Stored data entries
[Start of Attachment]

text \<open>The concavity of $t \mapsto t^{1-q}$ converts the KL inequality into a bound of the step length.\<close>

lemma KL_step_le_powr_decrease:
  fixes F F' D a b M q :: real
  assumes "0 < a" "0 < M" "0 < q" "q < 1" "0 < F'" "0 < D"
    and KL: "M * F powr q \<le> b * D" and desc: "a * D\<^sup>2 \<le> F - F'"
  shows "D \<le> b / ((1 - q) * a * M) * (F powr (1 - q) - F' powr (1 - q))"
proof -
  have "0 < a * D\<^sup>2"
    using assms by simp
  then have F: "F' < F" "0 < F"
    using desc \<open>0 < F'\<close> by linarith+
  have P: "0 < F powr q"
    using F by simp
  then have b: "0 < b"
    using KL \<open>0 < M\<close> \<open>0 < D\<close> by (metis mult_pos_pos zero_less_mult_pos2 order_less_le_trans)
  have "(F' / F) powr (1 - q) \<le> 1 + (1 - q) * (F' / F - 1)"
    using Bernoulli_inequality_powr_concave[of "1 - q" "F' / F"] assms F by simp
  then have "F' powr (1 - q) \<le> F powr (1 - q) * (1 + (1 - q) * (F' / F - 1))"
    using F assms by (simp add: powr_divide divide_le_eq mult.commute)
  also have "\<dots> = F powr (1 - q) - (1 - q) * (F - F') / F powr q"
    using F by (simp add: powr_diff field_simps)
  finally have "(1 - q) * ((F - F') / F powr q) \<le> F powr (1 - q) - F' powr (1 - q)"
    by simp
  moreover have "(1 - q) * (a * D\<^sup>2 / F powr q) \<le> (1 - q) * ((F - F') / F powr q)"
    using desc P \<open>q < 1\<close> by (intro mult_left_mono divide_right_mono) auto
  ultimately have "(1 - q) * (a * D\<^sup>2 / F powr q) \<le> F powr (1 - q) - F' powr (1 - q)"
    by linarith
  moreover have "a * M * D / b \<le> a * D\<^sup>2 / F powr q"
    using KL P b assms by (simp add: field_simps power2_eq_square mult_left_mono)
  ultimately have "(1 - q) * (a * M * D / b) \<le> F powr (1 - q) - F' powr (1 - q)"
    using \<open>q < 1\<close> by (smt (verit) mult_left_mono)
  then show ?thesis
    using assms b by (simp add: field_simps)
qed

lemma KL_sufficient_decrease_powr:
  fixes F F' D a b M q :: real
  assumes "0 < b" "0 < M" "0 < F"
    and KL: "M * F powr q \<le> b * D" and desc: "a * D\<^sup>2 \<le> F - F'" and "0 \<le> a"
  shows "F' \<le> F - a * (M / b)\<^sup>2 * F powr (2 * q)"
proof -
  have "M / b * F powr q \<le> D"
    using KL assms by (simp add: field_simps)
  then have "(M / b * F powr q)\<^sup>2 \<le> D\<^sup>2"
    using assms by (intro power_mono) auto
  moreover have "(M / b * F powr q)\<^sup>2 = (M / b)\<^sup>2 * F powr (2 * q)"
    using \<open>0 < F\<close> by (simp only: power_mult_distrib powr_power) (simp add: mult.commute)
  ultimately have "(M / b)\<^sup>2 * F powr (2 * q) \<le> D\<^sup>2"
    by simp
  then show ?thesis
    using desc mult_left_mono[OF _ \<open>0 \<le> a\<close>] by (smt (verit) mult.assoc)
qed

[End of Attachment]
[Start of Attachment]

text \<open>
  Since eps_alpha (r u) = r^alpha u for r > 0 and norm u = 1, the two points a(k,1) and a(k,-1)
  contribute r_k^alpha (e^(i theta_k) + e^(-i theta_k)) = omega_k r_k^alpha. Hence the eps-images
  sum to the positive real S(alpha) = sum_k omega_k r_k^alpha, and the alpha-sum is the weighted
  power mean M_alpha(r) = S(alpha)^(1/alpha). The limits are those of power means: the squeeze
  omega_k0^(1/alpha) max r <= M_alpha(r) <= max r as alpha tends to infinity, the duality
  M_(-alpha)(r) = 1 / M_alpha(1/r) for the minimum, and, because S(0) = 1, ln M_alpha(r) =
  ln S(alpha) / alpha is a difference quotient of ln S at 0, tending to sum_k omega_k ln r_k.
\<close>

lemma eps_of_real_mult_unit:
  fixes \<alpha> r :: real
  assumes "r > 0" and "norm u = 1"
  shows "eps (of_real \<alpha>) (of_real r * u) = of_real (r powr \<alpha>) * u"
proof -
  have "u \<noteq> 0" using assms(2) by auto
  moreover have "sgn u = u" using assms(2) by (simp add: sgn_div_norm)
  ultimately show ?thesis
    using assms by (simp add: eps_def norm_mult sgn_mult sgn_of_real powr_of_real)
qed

[End of Attachment]
[Start of Attachment]

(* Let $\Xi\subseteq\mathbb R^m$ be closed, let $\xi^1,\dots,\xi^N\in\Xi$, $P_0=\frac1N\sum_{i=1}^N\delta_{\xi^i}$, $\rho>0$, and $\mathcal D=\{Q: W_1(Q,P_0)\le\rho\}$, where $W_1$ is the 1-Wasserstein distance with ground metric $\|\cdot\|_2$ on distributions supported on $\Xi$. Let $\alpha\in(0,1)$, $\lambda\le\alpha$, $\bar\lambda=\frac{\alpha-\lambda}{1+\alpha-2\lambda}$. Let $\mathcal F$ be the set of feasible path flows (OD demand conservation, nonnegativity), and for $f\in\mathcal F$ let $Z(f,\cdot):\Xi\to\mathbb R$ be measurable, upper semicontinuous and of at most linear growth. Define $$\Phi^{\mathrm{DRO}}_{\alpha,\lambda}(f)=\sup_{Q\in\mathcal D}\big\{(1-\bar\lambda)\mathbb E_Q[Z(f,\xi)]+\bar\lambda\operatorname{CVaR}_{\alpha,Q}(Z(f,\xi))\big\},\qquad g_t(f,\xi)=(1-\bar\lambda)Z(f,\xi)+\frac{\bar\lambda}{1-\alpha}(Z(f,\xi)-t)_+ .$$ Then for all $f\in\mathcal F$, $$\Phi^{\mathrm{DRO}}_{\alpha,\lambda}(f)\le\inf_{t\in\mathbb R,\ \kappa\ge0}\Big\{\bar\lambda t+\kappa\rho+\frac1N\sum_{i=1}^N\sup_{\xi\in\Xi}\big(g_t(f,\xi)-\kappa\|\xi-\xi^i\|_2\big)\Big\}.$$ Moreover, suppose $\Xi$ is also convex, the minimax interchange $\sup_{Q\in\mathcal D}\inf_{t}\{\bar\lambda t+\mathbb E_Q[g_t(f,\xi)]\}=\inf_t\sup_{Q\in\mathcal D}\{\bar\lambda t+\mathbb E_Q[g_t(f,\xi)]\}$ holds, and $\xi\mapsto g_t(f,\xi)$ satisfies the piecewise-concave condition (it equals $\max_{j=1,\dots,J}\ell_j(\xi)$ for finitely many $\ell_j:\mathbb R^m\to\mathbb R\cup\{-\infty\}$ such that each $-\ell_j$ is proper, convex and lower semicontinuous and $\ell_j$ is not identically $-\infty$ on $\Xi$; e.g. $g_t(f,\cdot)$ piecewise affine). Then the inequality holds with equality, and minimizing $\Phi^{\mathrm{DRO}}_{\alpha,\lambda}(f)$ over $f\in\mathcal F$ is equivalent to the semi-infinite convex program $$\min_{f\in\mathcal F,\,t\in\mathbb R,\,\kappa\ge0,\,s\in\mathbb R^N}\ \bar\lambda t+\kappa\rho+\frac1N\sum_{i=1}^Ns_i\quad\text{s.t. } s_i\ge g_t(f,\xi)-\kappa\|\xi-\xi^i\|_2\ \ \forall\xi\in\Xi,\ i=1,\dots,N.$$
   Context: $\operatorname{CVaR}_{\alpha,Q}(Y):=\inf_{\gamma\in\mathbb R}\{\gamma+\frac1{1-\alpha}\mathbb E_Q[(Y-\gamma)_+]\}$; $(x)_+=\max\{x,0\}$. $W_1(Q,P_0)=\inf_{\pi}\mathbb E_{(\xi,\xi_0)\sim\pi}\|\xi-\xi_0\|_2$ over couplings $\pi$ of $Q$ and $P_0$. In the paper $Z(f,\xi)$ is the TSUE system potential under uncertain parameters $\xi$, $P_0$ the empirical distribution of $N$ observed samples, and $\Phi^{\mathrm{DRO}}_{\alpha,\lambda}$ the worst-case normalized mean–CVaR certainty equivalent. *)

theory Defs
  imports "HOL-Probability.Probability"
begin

[End of Attachment]

Return a word-for-word copy of the lines above from the one holding "M_(-alpha)(r) = 1" through the one holding "ultimately show ?thesis", with both of them included and nothing besides.

▶ **PROBLEM SOLUTION**:
  M_(-alpha)(r) = 1 / M_alpha(1/r) for the minimum, and, because S(0) = 1, ln M_alpha(r) =
  ln S(alpha) / alpha is a difference quotient of ln S at 0, tending to sum_k omega_k ln r_k.
\<close>

lemma eps_of_real_mult_unit:
  fixes \<alpha> r :: real
  assumes "r > 0" and "norm u = 1"
  shows "eps (of_real \<alpha>) (of_real r * u) = of_real (r powr \<alpha>) * u"
proof -
  have "u \<noteq> 0" using assms(2) by auto
  moreover have "sgn u = u" using assms(2) by (simp add: sgn_div_norm)
  ultimately show ?thesis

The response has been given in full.